■ **Work to be completed**:
Please output the lines shown below exactly as they appear.

Saved data entries
lemma qmf_gain_12_le_1_iff:
  assumes "x > 0" "y > 0"
  shows "qmf_gain a b c d {1,2} x y \<le> qmf_gain a b c d {1} x y \<longleftrightarrow> d * y \<le> (1 + c) * (1 + b)"
proof -
  have "qmf_gain a b c d {1,2} x y \<le> qmf_gain a b c d {1} x y \<longleftrightarrow>
        0 \<le> (1 + c) * (1 + b + y) * x - (1 + c + d) * x * y"
    unfolding qmf_gain_le_iff_cleared[OF assms] qmf_gain_cleared[OF assms] by simp
  also have "\<dots> \<longleftrightarrow> 0 \<le> x * ((1 + c) * (1 + b) - d * y)"
    by (simp add: algebra_simps)
  finally show ?thesis using assms by (simp add: zero_le_mult_iff)
qed

lemma qmf_gain_1_le_12_iff:
  assumes "x > 0" "y > 0"
  shows "qmf_gain a b c d {1} x y \<le> qmf_gain a b c d {1,2} x y \<longleftrightarrow> (1 + c) * (1 + b) \<le> d * y"
proof -
  have "qmf_gain a b c d {1} x y \<le> qmf_gain a b c d {1,2} x y \<longleftrightarrow>
        0 \<le> (1 + c + d) * x * y - (1 + c) * (1 + b + y) * x"
    unfolding qmf_gain_le_iff_cleared[OF assms] qmf_gain_cleared[OF assms] by simp
  also have "\<dots> \<longleftrightarrow> 0 \<le> x * (d * y - (1 + c) * (1 + b))"
    by (simp add: algebra_simps)
  finally show ?thesis using assms by (simp add: zero_le_mult_iff)
qed

lemma qmf_gain_2_le_empty_iff:
  assumes "x > 0" "y > 0"
  shows "qmf_gain a b c d {2} x y \<le> qmf_gain a b c d {} x y \<longleftrightarrow> (1 + a + x) * (d * y - 1) \<le> b * (1 + x)"
proof -
  have "(1 + d) * (1 + a + x) * y - ((1 + x + a) * (1 + y) + b * (1 + x))
        = (1 + a + x) * (d * y - 1) - b * (1 + x)"
    by algebra
  then show ?thesis
    unfolding qmf_gain_le_iff_cleared[OF assms] qmf_gain_cleared[OF assms] by linarith
qed

lemma qmf_gain_empty_le_2_iff:
  assumes "x > 0" "y > 0"
  shows "qmf_gain a b c d {} x y \<le> qmf_gain a b c d {2} x y \<longleftrightarrow> b * (1 + x) \<le> (1 + a + x) * (d * y - 1)"
proof -
  have "(1 + d) * (1 + a + x) * y - ((1 + x + a) * (1 + y) + b * (1 + x))
        = (1 + a + x) * (d * y - 1) - b * (1 + x)"
    by algebra
  then show ?thesis
    unfolding qmf_gain_le_iff_cleared[OF assms] qmf_gain_cleared[OF assms] by linarith
qed

subsection \<open>Max-min at a crossing of an increasing and a decreasing cut\<close>

lemma qmf_minR_le:
  "\<Omega> \<in> Pow {1,2} \<Longrightarrow> qmf_minR h1 h2 g1 g2 x y \<le> qmf_R h1 h2 g1 g2 \<Omega> x y"
  unfolding qmf_minR_def by (rule Min_le) auto

lemma qmf_minR_eqI:
  assumes "\<Omega> \<in> Pow {1,2}" "\<forall>\<Theta>\<in>Pow {1,2}. qmf_R h1 h2 g1 g2 \<Omega> x y \<le> qmf_R h1 h2 g1 g2 \<Theta> x y"
  shows "qmf_minR h1 h2 g1 g2 x y = qmf_R h1 h2 g1 g2 \<Omega> x y"
  unfolding qmf_minR_def using assms by (intro Min_eqI) auto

■ **Task result**:
lemma qmf_gain_12_le_1_iff:
  assumes "x > 0" "y > 0"
  shows "qmf_gain a b c d {1,2} x y \<le> qmf_gain a b c d {1} x y \<longleftrightarrow> d * y \<le> (1 + c) * (1 + b)"
proof -
  have "qmf_gain a b c d {1,2} x y \<le> qmf_gain a b c d {1} x y \<longleftrightarrow>
        0 \<le> (1 + c) * (1 + b + y) * x - (1 + c + d) * x * y"
    unfolding qmf_gain_le_iff_cleared[OF assms] qmf_gain_cleared[OF assms] by simp
  also have "\<dots> \<longleftrightarrow> 0 \<le> x * ((1 + c) * (1 + b) - d * y)"
    by (simp add: algebra_simps)
  finally show ?thesis using assms by (simp add: zero_le_mult_iff)
qed

lemma qmf_gain_1_le_12_iff:
  assumes "x > 0" "y > 0"
  shows "qmf_gain a b c d {1} x y \<le> qmf_gain a b c d {1,2} x y \<longleftrightarrow> (1 + c) * (1 + b) \<le> d * y"
proof -
  have "qmf_gain a b c d {1} x y \<le> qmf_gain a b c d {1,2} x y \<longleftrightarrow>
        0 \<le> (1 + c + d) * x * y - (1 + c) * (1 + b + y) * x"
    unfolding qmf_gain_le_iff_cleared[OF assms] qmf_gain_cleared[OF assms] by simp
  also have "\<dots> \<longleftrightarrow> 0 \<le> x * (d * y - (1 + c) * (1 + b))"
    by (simp add: algebra_simps)
  finally show ?thesis using assms by (simp add: zero_le_mult_iff)
qed

lemma qmf_gain_2_le_empty_iff:
  assumes "x > 0" "y > 0"
  shows "qmf_gain a b c d {2} x y \<le> qmf_gain a b c d {} x y \<longleftrightarrow> (1 + a + x) * (d * y - 1) \<le> b * (1 + x)"
proof -
  have "(1 + d) * (1 + a + x) * y - ((1 + x + a) * (1 + y) + b * (1 + x))
        = (1 + a + x) * (d * y - 1) - b * (1 + x)"
    by algebra
  then show ?thesis
    unfolding qmf_gain_le_iff_cleared[OF assms] qmf_gain_cleared[OF assms] by linarith
qed

lemma qmf_gain_empty_le_2_iff:
  assumes "x > 0" "y > 0"
  shows "qmf_gain a b c d {} x y \<le> qmf_gain a b c d {2} x y \<longleftrightarrow> b * (1 + x) \<le> (1 + a + x) * (d * y - 1)"
proof -
  have "(1 + d) * (1 + a + x) * y - ((1 + x + a) * (1 + y) + b * (1 + x))
        = (1 + a + x) * (d * y - 1) - b * (1 + x)"
    by algebra
  then show ?thesis
    unfolding qmf_gain_le_iff_cleared[OF assms] qmf_gain_cleared[OF assms] by linarith
qed

subsection \<open>Max-min at a crossing of an increasing and a decreasing cut\<close>

lemma qmf_minR_le:
  "\<Omega> \<in> Pow {1,2} \<Longrightarrow> qmf_minR h1 h2 g1 g2 x y \<le> qmf_R h1 h2 g1 g2 \<Omega> x y"
  unfolding qmf_minR_def by (rule Min_le) auto

lemma qmf_minR_eqI:
  assumes "\<Omega> \<in> Pow {1,2}" "\<forall>\<Theta>\<in>Pow {1,2}. qmf_R h1 h2 g1 g2 \<Omega> x y \<le> qmf_R h1 h2 g1 g2 \<Theta> x y"
  shows "qmf_minR h1 h2 g1 g2 x y = qmf_R h1 h2 g1 g2 \<Omega> x y"
  unfolding qmf_minR_def using assms by (intro Min_eqI) auto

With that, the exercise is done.